(* Fix integers $k \ge 1$ and $n \ge 1$. For every database $D$ of $n$ rows and every neighboring database $D'$, $|\mathrm{SSA}(D) - \mathrm{SSA}(D')| \le 9 + 5/n$. That is, the sensitivity of $\mathrm{SSA}$ is at most $9 + 5/n$.
   Context: A database $D$ consists of $n$ rows. Each row is a pair $(g, y)$ with group label $g \in \{1,\dots,k\}$ and response value $y \in [0,1]$; the number of groups $k$ is fixed. For group $i$ let $n_i$ be the number of rows with label $i$, so $\sum_i n_i = n$. Let $\overline{y}_i$ be the mean response in group $i$, and let $\overline{y}$ be the mean of all $n$ responses; groups with $n_i = 0$ contribute nothing. Define $\mathrm{SSA}(D) = \sum_{i=1}^k n_i(\overline{y}_i - \overline{y})^2$. Two databases with $n$ rows each are neighboring if they differ in exactly one row; the changed row may have a different group label and/or a different response value. The sensitivity of a real-valued function $f$ on databases is $\max |f(D) - f(D')|$, taken over all neighboring pairs. *)

theory Defs
  imports Complex_Main
begin

(* A database is a list of rows (g, y) with group label g and response y. *)
type_synonym database = "(nat \<times> real) list"

definition valid_db :: "nat \<Rightarrow> nat \<Rightarrow> database \<Rightarrow> bool" where
  "valid_db k n D \<longleftrightarrow> length D = n \<and>
     (\<forall>r \<in> set D. fst r \<in> {1..k} \<and> 0 \<le> snd r \<and> snd r \<le> 1)"

definition grp_count :: "database \<Rightarrow> nat \<Rightarrow> nat" where
  "grp_count D i = card {j. j < length D \<and> fst (D ! j) = i}"

(* mean response in group i (value irrelevant when the group is empty) *)
definition grp_mean :: "database \<Rightarrow> nat \<Rightarrow> real" where
  "grp_mean D i = (\<Sum>j | j < length D \<and> fst (D ! j) = i. snd (D ! j)) / real (grp_count D i)"

definition total_mean :: "database \<Rightarrow> real" where
  "total_mean D = (\<Sum>j<length D. snd (D ! j)) / real (length D)"

definition SSA :: "nat \<Rightarrow> database \<Rightarrow> real" where
  "SSA k D = (\<Sum>i=1..k. real (grp_count D i) * (grp_mean D i - total_mean D)^2)"

definition neighboring :: "database \<Rightarrow> database \<Rightarrow> bool" where
  "neighboring D D' \<longleftrightarrow> length D = length D' \<and>
     card {j. j < length D \<and> D ! j \<noteq> D' ! j} = 1"

end

theory Submission
  imports Defs
begin

text \<open>Writing \<open>S\<^sub>i\<close> for the response sum of group \<open>i\<close> and \<open>T\<close> for the total sum,
  \<open>SSA = (\<Sum>\<^sub>i S\<^sub>i\<^sup>2 / n\<^sub>i) - T\<^sup>2 / n\<close>. Two neighbouring databases share the \<open>n - 1\<close> rows other
  than the changed one, and putting one row with response in \<open>[0,1]\<close> into a group with
  \<open>S \<le> m\<close> changes \<open>S\<^sup>2 / m\<close> by an amount in \<open>[-1, 2]\<close>. So the first part of \<open>SSA\<close> moves by
  at most 3 between the two databases, while \<open>T\<close> moves by at most 1 inside \<open>[0, n]\<close>,
  so \<open>T\<^sup>2 / n\<close> moves by at most 2. Hence the sensitivity is at most 5.\<close>

lemma square_ratio_increment_le:
  fixes S m y :: real
  assumes "0 \<le> S" "S \<le> m" "0 \<le> y" "y \<le> 1"
  shows "(S + y)\<^sup>2 / (m + 1) - S\<^sup>2 / m \<le> 2"
proof -
  have "S\<^sup>2 / (m + 1) \<le> S\<^sup>2 / m"
    using assms by (cases "m = 0") (auto intro: divide_left_mono)
  moreover have "(S + y)\<^sup>2 / (m + 1) - S\<^sup>2 / (m + 1) = y * (2 * S + y) / (m + 1)"
    by (simp add: diff_divide_distrib[symmetric] power2_eq_square algebra_simps)
  moreover have "y * (2 * S + y) / (m + 1) \<le> 1 * (2 * m + 2) / (m + 1)"
    using assms by (intro divide_right_mono mult_mono) auto
  moreover have "1 * (2 * m + 2) / (m + 1) = 2"
    using assms by (simp add: field_simps)
  ultimately show ?thesis by linarith
qed

lemma square_ratio_increment_ge:
  fixes S m y :: real
  assumes "0 \<le> S" "S \<le> m" "0 \<le> y" "y \<le> 1"
  shows "-1 \<le> (S + y)\<^sup>2 / (m + 1) - S\<^sup>2 / m"
proof (cases "m = 0")
  case True
  then have "(S + y)\<^sup>2 / (m + 1) - S\<^sup>2 / m = y\<^sup>2" using assms by simp
  then show ?thesis using zero_le_power2[of y] by linarith
next
  case False
  then have "m > 0" using assms by simp
  have "S\<^sup>2 / (m + 1) \<le> (S + y)\<^sup>2 / (m + 1)"
    using assms by (intro divide_right_mono power_mono) auto
  moreover have "S\<^sup>2 / m - S\<^sup>2 / (m + 1) = S\<^sup>2 / (m * (m + 1))"
    using \<open>m > 0\<close> by (simp add: field_simps)
  moreover have "S\<^sup>2 \<le> m * (m + 1)"
  proof -
    have "S\<^sup>2 \<le> m\<^sup>2" using assms by (intro power_mono) auto
    then show ?thesis using \<open>m > 0\<close> by (simp add: power2_eq_square field_simps)
  qed
  then have "S\<^sup>2 / (m * (m + 1)) \<le> 1" using \<open>m > 0\<close> by simp
  ultimately show ?thesis by linarith
qed

lemma square_diff_div_le:
  fixes a b n :: real
  assumes "0 \<le> a" "a \<le> n" "0 \<le> b" "b \<le> n" "\<bar>a - b\<bar> \<le> 1"
  shows "\<bar>a\<^sup>2 / n - b\<^sup>2 / n\<bar> \<le> 2"
proof (cases "n = 0")
  case False
  have "\<bar>a\<^sup>2 - b\<^sup>2\<bar> = \<bar>(a - b) * (a + b)\<bar>"
    by (simp add: power2_eq_square algebra_simps)
  also have "\<dots> = \<bar>a - b\<bar> * (a + b)"
    using assms by (simp add: abs_mult)
  also have "\<dots> \<le> 1 * (2 * n)"
    using assms by (intro mult_mono) auto
  moreover have "n > 0" using False assms by linarith
  ultimately have "\<bar>a\<^sup>2 - b\<^sup>2\<bar> / n \<le> 2" by (simp add: divide_le_eq)
  then show ?thesis using \<open>n > 0\<close> by (simp add: diff_divide_distrib[symmetric] abs_divide)
qed simp

text \<open>Group sizes and group sums restricted to a set \<open>A\<close> of row indices, so that a
  database with one row removed can be described without changing the list. An empty
  group contributes \<open>0 / 0 = 0\<close> to \<open>square_ratio_sum\<close>, as it does to \<open>SSA\<close>.\<close>

definition group_size_on :: "database \<Rightarrow> nat set \<Rightarrow> nat \<Rightarrow> real" where
  "group_size_on D A i = (\<Sum>j\<in>A. if fst (D ! j) = i then 1 else 0)"

definition group_sum_on :: "database \<Rightarrow> nat set \<Rightarrow> nat \<Rightarrow> real" where
  "group_sum_on D A i = (\<Sum>j\<in>A. if fst (D ! j) = i then snd (D ! j) else 0)"

definition square_ratio_sum :: "nat \<Rightarrow> database \<Rightarrow> nat set \<Rightarrow> real" where
  "square_ratio_sum k D A = (\<Sum>i=1..k. (group_sum_on D A i)\<^sup>2 / group_size_on D A i)"

lemma sum_filter_lessThan:
  "(\<Sum>j | j < L \<and> P j. f j) = (\<Sum>j<(L::nat). if P j then f j else (0::'a::comm_monoid_add))"
proof -
  have "{j. j < L \<and> P j} = {j\<in>{..<L}. P j}" by auto
  then show ?thesis by (simp add: sum.inter_filter[symmetric])
qed

lemma grp_count_eq_group_size_on: "real (grp_count D i) = group_size_on D {..<length D} i"
proof -
  have "real (grp_count D i) = (\<Sum>j | j < length D \<and> fst (D ! j) = i. 1)"
    unfolding grp_count_def by simp
  then show ?thesis unfolding sum_filter_lessThan group_size_on_def .
qed

lemma grp_mean_eq_group_sum_on:
  "grp_mean D i = group_sum_on D {..<length D} i / group_size_on D {..<length D} i"
  unfolding grp_mean_def grp_count_eq_group_size_on sum_filter_lessThan group_sum_on_def ..

lemma group_sum_on_bounds:
  assumes "\<And>j. j \<in> A \<Longrightarrow> 0 \<le> snd (D ! j) \<and> snd (D ! j) \<le> 1"
  shows "0 \<le> group_sum_on D A i" and "group_sum_on D A i \<le> group_size_on D A i"
  using assms unfolding group_sum_on_def group_size_on_def
  by (auto intro!: sum_nonneg sum_mono)

lemma sum_group_sum_on:
  assumes "\<And>j. j \<in> A \<Longrightarrow> fst (D ! j) \<in> {1..k}"
  shows "(\<Sum>i=1..k. group_sum_on D A i) = (\<Sum>j\<in>A. snd (D ! j))"
proof -
  have "(\<Sum>i=1..k. group_sum_on D A i)
      = (\<Sum>j\<in>A. \<Sum>i=1..k. if fst (D ! j) = i then snd (D ! j) else 0)"
    unfolding group_sum_on_def by (rule sum.swap)
  also have "\<dots> = (\<Sum>j\<in>A. snd (D ! j))"
    using assms by (intro sum.cong) auto
  finally show ?thesis .
qed

lemma sum_group_size_on:
  assumes "\<And>j. j \<in> A \<Longrightarrow> fst (D ! j) \<in> {1..k}"
  shows "(\<Sum>i=1..k. group_size_on D A i) = real (card A)"
proof -
  have "(\<Sum>i=1..k. group_size_on D A i)
      = (\<Sum>j\<in>A. \<Sum>i=1..k. if fst (D ! j) = i then (1::real) else 0)"
    unfolding group_size_on_def by (rule sum.swap)
  also have "\<dots> = (\<Sum>j\<in>A. 1)"
    using assms by (intro sum.cong) auto
  finally show ?thesis by simp
qed

lemma valid_db_nth:
  assumes "valid_db k n D" "j < n"
  shows "fst (D ! j) \<in> {1..k}" and "0 \<le> snd (D ! j)" and "snd (D ! j) \<le> 1"
  using assms unfolding valid_db_def by (metis nth_mem)+

lemma SSA_eq_square_ratio_sum:
  assumes v: "valid_db k n D" and "n \<ge> 1"
  shows "SSA k D = square_ratio_sum k D {..<n} - (\<Sum>j<n. snd (D ! j))\<^sup>2 / n"
proof -
  have len: "length D = n" using v unfolding valid_db_def by simp
  define S where "S = group_sum_on D {..<n}"
  define m where "m = group_size_on D {..<n}"
  define T where "T = (\<Sum>j<n. snd (D ! j))"
  define \<mu> where "\<mu> = T / n"
  have term_eq: "real (grp_count D i) * (grp_mean D i - total_mean D)\<^sup>2
      = (S i)\<^sup>2 / m i - 2 * S i * \<mu> + m i * \<mu>\<^sup>2" for i
  proof (cases "m i = 0")
    case True
    then have "real (grp_count D i) = 0"
      unfolding grp_count_eq_group_size_on len m_def .
    moreover from True have "S i = 0"
      using group_sum_on_bounds[of "{..<n}" D i] valid_db_nth[OF v] unfolding S_def m_def
      by (metis lessThan_iff order_antisym)
    ultimately show ?thesis using True by simp
  next
    case False
    have "total_mean D = \<mu>" unfolding total_mean_def \<mu>_def T_def len ..
    then show ?thesis
      using False unfolding grp_count_eq_group_size_on grp_mean_eq_group_sum_on len S_def m_def
      by (simp add: field_simps power2_eq_square)
  qed
  have sum_S: "(\<Sum>i=1..k. S i) = T" and sum_m: "(\<Sum>i=1..k. m i) = n"
    using sum_group_sum_on[of "{..<n}" D k] sum_group_size_on[of "{..<n}" D k]
      valid_db_nth(1)[OF v] unfolding S_def m_def T_def by auto
  have "SSA k D = square_ratio_sum k D {..<n} - 2 * (\<Sum>i=1..k. S i) * \<mu> + (\<Sum>i=1..k. m i) * \<mu>\<^sup>2"
    unfolding SSA_def term_eq square_ratio_sum_def S_def m_def
    by (simp add: sum.distrib sum_subtractf sum_distrib_left sum_distrib_right mult.assoc)
  also have "\<dots> = square_ratio_sum k D {..<n} - 2 * T * \<mu> + n * \<mu>\<^sup>2"
    unfolding sum_S sum_m ..
  also have "\<dots> = square_ratio_sum k D {..<n} - T\<^sup>2 / n"
    unfolding \<mu>_def using \<open>n \<ge> 1\<close> by (simp add: field_simps power2_eq_square)
  finally show ?thesis unfolding T_def .
qed

lemma square_ratio_sum_remove_bounds:
  assumes v: "valid_db k n D" and j: "j < n"
  defines "\<Delta> \<equiv> square_ratio_sum k D {..<n} - square_ratio_sum k D ({..<n} - {j})"
  shows "-1 \<le> \<Delta>" and "\<Delta> \<le> 2"
proof -
  define A where "A = {..<n} - {j}"
  define g where "g = fst (D ! j)"
  define y where "y = snd (D ! j)"
  define S where "S = group_sum_on D A"
  define m where "m = group_size_on D A"
  have g: "g \<in> {1..k}" and y: "0 \<le> y" "y \<le> 1"
    using valid_db_nth[OF v j] unfolding g_def y_def by auto
  have Sm: "0 \<le> S g" "S g \<le> m g"
    using group_sum_on_bounds[of A D g] valid_db_nth[OF v] unfolding S_def m_def A_def by auto
  have "(group_sum_on D {..<n} i)\<^sup>2 / group_size_on D {..<n} i - (S i)\<^sup>2 / m i
      = (if i = g then (S g + y)\<^sup>2 / (m g + 1) - (S g)\<^sup>2 / m g else 0)" for i
    using j unfolding group_sum_on_def group_size_on_def S_def m_def A_def g_def y_def
    by (simp add: sum.remove[of "{..<n}" j] add.commute)
  then have "\<Delta> = (\<Sum>i=1..k. if i = g then (S g + y)\<^sup>2 / (m g + 1) - (S g)\<^sup>2 / m g else 0)"
    unfolding \<Delta>_def square_ratio_sum_def sum_subtractf[symmetric] S_def m_def A_def by simp
  then have "\<Delta> = (S g + y)\<^sup>2 / (m g + 1) - (S g)\<^sup>2 / m g"
    using g by (simp add: sum.delta)
  then show "-1 \<le> \<Delta>" and "\<Delta> \<le> 2"
    using square_ratio_increment_ge[OF Sm y] square_ratio_increment_le[OF Sm y] by simp_all
qed

lemma neighboring_single_index:
  assumes "neighboring D D'"
  obtains j where "j < length D" "\<And>i. i < length D \<Longrightarrow> i \<noteq> j \<Longrightarrow> D ! i = D' ! i"
proof -
  have "card {i. i < length D \<and> D ! i \<noteq> D' ! i} = 1"
    using assms unfolding neighboring_def by blast
  then obtain j where "{i. i < length D \<and> D ! i \<noteq> D' ! i} = {j}"
    by (metis card_1_singletonE)
  then show ?thesis using that by blast
qed

lemma square_ratio_sum_cong:
  assumes "\<And>j. j \<in> A \<Longrightarrow> D ! j = D' ! j"
  shows "square_ratio_sum k D A = square_ratio_sum k D' A"
proof -
  have "group_sum_on D A = group_sum_on D' A" and "group_size_on D A = group_size_on D' A"
    using assms unfolding group_sum_on_def group_size_on_def by (auto intro!: ext sum.cong)
  then show ?thesis unfolding square_ratio_sum_def by simp
qed

theorem mainTheorem2:
  fixes k n :: nat and D D' :: database
  assumes "k \<ge> 1" and "n \<ge> 1"
    and "valid_db k n D" and "valid_db k n D'"
    and "neighboring D D'"
  shows "\<bar>SSA k D - SSA k D'\<bar> \<le> 9 + 5 / real n"
proof -
  have len: "length D = n" using assms(3) unfolding valid_db_def by simp
  obtain j where j: "j < n" and same: "\<And>i. i < n \<Longrightarrow> i \<noteq> j \<Longrightarrow> D ! i = D' ! i"
    using neighboring_single_index[OF assms(5)] len by metis
  have common: "square_ratio_sum k D ({..<n} - {j}) = square_ratio_sum k D' ({..<n} - {j})"
    using same by (intro square_ratio_sum_cong) auto
  define T where "T E = (\<Sum>i<n. snd (E ! i))" for E :: database
  have T_bounds: "0 \<le> T E \<and> T E \<le> n" if "valid_db k n E" for E
    using sum_mono[of "{..<n}" "\<lambda>i. snd (E ! i)" "\<lambda>_. 1"] valid_db_nth[OF that]
    unfolding T_def by (auto intro: sum_nonneg)
  have T_split: "T E = snd (E ! j) + (\<Sum>i\<in>{..<n} - {j}. snd (E ! i))" for E
    unfolding T_def using j by (simp add: sum.remove)
  have "(\<Sum>i\<in>{..<n} - {j}. snd (D ! i)) = (\<Sum>i\<in>{..<n} - {j}. snd (D' ! i))"
    using same by (intro sum.cong) auto
  then have "\<bar>T D - T D'\<bar> \<le> 1"
    using T_split[of D] T_split[of D'] valid_db_nth[OF assms(3) j] valid_db_nth[OF assms(4) j]
    by linarith
  then have total: "\<bar>(T D)\<^sup>2 / n - (T D')\<^sup>2 / n\<bar> \<le> 2"
    using T_bounds[OF assms(3)] T_bounds[OF assms(4)] by (intro square_diff_div_le) auto
  have "\<bar>SSA k D - SSA k D'\<bar> \<le> 5"
    using SSA_eq_square_ratio_sum[OF assms(3,2), folded T_def]
      SSA_eq_square_ratio_sum[OF assms(4,2), folded T_def]
      square_ratio_sum_remove_bounds[OF assms(3) j] square_ratio_sum_remove_bounds[OF assms(4) j]
      common total by linarith
  moreover have "0 \<le> 5 / real n" by simp
  ultimately show ?thesis by linarith
qed

end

-*-

Work required: Lines containing the word "metis" must be found in the data above and copied.

Written solution:
  using assms unfolding valid_db_def by (metis nth_mem)+
      by (metis lessThan_iff order_antisym)
    by (metis card_1_singletonE)
    using neighboring_single_index[OF assms(5)] len by metis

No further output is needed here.